# Finished my vivarium.... now I just need a little buddy to call it home :D (pics)



## TPO (Aug 14, 2011)

I decided after the passing of my Leo, Cynder, that I'd build a completely new vivarium set-up in case I decide to get another gecko. Now I'm not quite at the point of getting another one just yet. That'll probably come next year sometime but I had a lot of fun building the caves etc so I thought I'd share on here and see what everyone thinks. Couple of things before anyone points it out. The water and food bowls aren't in the photo because I hadn't put them in yet  The middle hide will be the moist hide and I have made a removable plastic "inside" for the cave that will contain the moss for easy containment/cleaning. Anyway let me know what you think


----------



## Zakk (Oct 15, 2008)

i think you should tell me which method. You used.

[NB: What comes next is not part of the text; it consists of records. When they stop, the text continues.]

lemma proper_code_relabel:
  assumes "inj f"
  shows "proper_code (map (relabel f) w) \<longleftrightarrow> proper_code w"
proof -
  have filter: "filter (\<lambda>l. lab l = f a) (map (relabel f) w) = map (relabel f) (filter (\<lambda>l. lab l = a) w)" for a
    using assms by (induction w) (auto simp: relabel_def inj_eq)
  have pair: "[GL (f a) ov s, GL (f a) (\<not> ov) s] = map (relabel f) [GL a ov s, GL a (\<not> ov) s]" for a ov s
    by (simp add: relabel_def)
  have "crossing_pair (f a) (map (relabel f) L) \<longleftrightarrow> crossing_pair a L" for a L
    unfolding crossing_pair_def pair inj_map_eq_map [OF inj_relabel [OF assms]] ..
  moreover have "labels (map (relabel f) w) = f ` labels w"
    by (simp add: labels_def relabel_def image_image)
  ultimately show ?thesis
    by (simp add: proper_code_def filter)
qed

lemma nonzero_writhe_relabel:
  assumes "inj f"
  shows "nonzero_writhe (map (relabel f) w) = nonzero_writhe w"
proof -
  have "chord_index (map (relabel f) w) (f a) = chord_index w a" for a
    using assms by (intro chord_index_map) (auto simp: relabel_def passage_weight_def inj_eq)
  then have "writhe_term (map (relabel f) w) (relabel f l) = writhe_term w l" for l
    by (simp add: writhe_term_def crossing_sign_def relabel_def)
  then show ?thesis
    by (simp add: nonzero_writhe_def comp_def)
qed

lemma r1_del_invariants:
  assumes "r1_del w w'"
  shows "(proper_code w \<longleftrightarrow> proper_code w') \<and> nonzero_writhe w = nonzero_writhe w'"
proof -
  obtain x y a ov s where w: "w = x @ [GL a ov s, GL a (\<not> ov) s] @ y" and w': "w' = x @ y"
    and a: "a \<notin> labels w'"
    using assms unfolding r1_del_def by (elim exE conjE) (rule that; assumption)
  show ?thesis
  proof
    have "filter (\<lambda>l. lab l = a) w = [GL a ov s, GL a (\<not> ov) s]"
      using w w' a by (simp add: notin_labels_iff_filter)
    moreover have "filter (\<lambda>l. lab l = b) w = filter (\<lambda>l. lab l = b) w'" if "b \<in> labels w'" for b
      using w w' a that by auto
    moreover have "labels w = insert a (labels w')"
      using w w' by auto
    ultimately show "proper_code w \<longleftrightarrow> proper_code w'"
      by (simp add: proper_code_def crossing_pair_def)
    have "chord_index w a = 0"
      using chord_index_split [of a x "[]" "GL a ov s" "GL a (\<not> ov) s" y] w w' a by simp
    moreover have "chord_index w b = chord_index w' b" if "b \<noteq> a" for b
      using chord_index_replace [of b "[GL a ov s, GL a (\<not> ov) s]" "[]" x y] w w' that
      by (simp add: passage_weight_def)
    moreover have "l \<in> set x \<or> l \<in> set y \<Longrightarrow> lab l \<noteq> a" for l
      using a w' by (auto simp: notin_labels_iff)
    ultimately show "nonzero_writhe w = nonzero_writhe w'"
      using w w' by (simp add: nonzero_writhe_def writhe_term_def cong: map_cong)
  qed
qed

Looks brill!


----------



## TPO (Aug 14, 2011)

Pretty much the same method I've seen others on here use. The log thing is just a toilet roll tube covered in plaster (it's plaster that comes in bandage like rolls and you dip it in water and place strips of it on) then grouted, painted and varnished. The caves were polystyrene with extra bits glued on for texturing, then plastered, then grouted and then varnished. The plants and background were bought online. I'm really happy with how it turned out though.


----------



## Perrin93 (Jun 6, 2012)

Very nice, Well done


----------



## Lexicious (Nov 8, 2012)

Very nice, I'm thinking I may start a custom viv soon. This certainly gives me the inspiration to get started.


----------



## snakess (Sep 3, 2012)

Aww lovely.


----------



## Bennewell (Apr 5, 2012)

Look mint


----------



## drstevo (May 22, 2012)

Excellent job! Starting a new project soon myself 
Just a question, what size are the artificial plants you have hanging there?


----------



## TPO (Aug 14, 2011)

drstevo said:


> Excellent job! Starting a new project soon myself
> Just a question, what size are the artificial plants you have hanging there?



Thanks. There are 5 plants in there total. The longest is 12 inches and the other 4 are I think 8. I got them from there Vivariums, Reptile Supplies & Live Food. Should have exact sizes on there.


----------



## yuesaur (Aug 29, 2011)

i think you should let me move in there :whistling2:

its brill!


----------